Use the entries below and reproduce exactly the lines from the one containing "of the outgoing" down to the one containing "b' - h(v,b) (b", both of them included.
::::
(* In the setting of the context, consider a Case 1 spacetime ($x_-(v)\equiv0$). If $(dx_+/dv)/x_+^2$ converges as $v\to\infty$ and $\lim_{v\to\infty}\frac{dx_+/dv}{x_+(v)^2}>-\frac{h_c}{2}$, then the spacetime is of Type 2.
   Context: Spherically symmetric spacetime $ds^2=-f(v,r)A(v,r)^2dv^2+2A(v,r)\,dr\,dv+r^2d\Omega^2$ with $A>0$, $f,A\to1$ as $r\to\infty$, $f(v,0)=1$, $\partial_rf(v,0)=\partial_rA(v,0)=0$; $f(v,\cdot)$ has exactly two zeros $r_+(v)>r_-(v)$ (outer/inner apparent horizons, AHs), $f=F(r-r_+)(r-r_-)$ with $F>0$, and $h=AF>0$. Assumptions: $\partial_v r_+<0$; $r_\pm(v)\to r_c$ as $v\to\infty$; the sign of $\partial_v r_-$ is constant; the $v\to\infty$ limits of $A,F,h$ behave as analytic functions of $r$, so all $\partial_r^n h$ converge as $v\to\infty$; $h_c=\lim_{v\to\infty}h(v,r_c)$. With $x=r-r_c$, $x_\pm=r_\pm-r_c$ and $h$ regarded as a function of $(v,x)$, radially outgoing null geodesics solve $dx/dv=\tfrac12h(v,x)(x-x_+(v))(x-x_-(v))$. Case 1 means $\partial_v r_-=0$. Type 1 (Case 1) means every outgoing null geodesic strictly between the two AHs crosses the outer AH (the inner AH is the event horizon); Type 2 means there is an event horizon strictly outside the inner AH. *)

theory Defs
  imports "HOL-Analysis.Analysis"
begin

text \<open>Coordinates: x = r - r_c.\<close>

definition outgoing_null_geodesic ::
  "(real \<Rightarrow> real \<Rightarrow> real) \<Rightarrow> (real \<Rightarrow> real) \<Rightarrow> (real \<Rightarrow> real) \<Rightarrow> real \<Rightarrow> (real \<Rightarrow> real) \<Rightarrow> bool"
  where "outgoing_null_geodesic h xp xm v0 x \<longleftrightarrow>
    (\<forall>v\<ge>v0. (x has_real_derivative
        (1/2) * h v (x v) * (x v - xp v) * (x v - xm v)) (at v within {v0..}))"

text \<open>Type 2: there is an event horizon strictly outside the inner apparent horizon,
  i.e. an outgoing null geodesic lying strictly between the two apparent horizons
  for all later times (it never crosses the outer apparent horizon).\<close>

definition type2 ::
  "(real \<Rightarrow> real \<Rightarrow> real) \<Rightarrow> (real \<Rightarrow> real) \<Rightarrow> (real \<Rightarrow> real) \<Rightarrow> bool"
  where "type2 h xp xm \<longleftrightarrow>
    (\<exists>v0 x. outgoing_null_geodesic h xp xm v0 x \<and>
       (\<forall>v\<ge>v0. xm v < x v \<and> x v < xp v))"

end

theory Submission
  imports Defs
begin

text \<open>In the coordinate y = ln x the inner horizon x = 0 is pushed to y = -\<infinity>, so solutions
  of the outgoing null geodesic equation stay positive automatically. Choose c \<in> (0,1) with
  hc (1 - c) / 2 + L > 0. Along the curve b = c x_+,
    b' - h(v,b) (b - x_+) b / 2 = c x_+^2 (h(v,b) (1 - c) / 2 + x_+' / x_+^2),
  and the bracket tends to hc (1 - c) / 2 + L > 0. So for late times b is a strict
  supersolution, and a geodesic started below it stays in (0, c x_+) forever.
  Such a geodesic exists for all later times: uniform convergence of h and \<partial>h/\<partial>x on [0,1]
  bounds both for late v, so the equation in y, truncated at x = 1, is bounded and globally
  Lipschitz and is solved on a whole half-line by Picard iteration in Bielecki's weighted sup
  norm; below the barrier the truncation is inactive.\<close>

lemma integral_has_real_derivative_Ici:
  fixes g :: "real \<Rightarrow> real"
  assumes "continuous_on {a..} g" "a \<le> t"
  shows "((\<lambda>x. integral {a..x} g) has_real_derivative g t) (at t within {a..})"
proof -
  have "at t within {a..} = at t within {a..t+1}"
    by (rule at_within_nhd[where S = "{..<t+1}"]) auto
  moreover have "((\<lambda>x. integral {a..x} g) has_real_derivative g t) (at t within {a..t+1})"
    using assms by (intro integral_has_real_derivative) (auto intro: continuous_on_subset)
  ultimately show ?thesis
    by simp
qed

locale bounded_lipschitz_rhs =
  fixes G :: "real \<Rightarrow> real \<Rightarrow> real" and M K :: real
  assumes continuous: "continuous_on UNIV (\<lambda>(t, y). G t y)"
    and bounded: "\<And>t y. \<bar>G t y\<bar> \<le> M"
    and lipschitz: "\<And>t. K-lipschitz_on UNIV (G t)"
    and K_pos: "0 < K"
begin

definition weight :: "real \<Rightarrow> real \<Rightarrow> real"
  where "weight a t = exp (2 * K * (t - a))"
::::
EXERCISE RESPONSE>
  of the outgoing null geodesic equation stay positive automatically. Choose c \<in> (0,1) with
  hc (1 - c) / 2 + L > 0. Along the curve b = c x_+,
    b' - h(v,b) (b - x_+) b / 2 = c x_+^2 (h(v,b) (1 - c) / 2 + x_+' / x_+^2),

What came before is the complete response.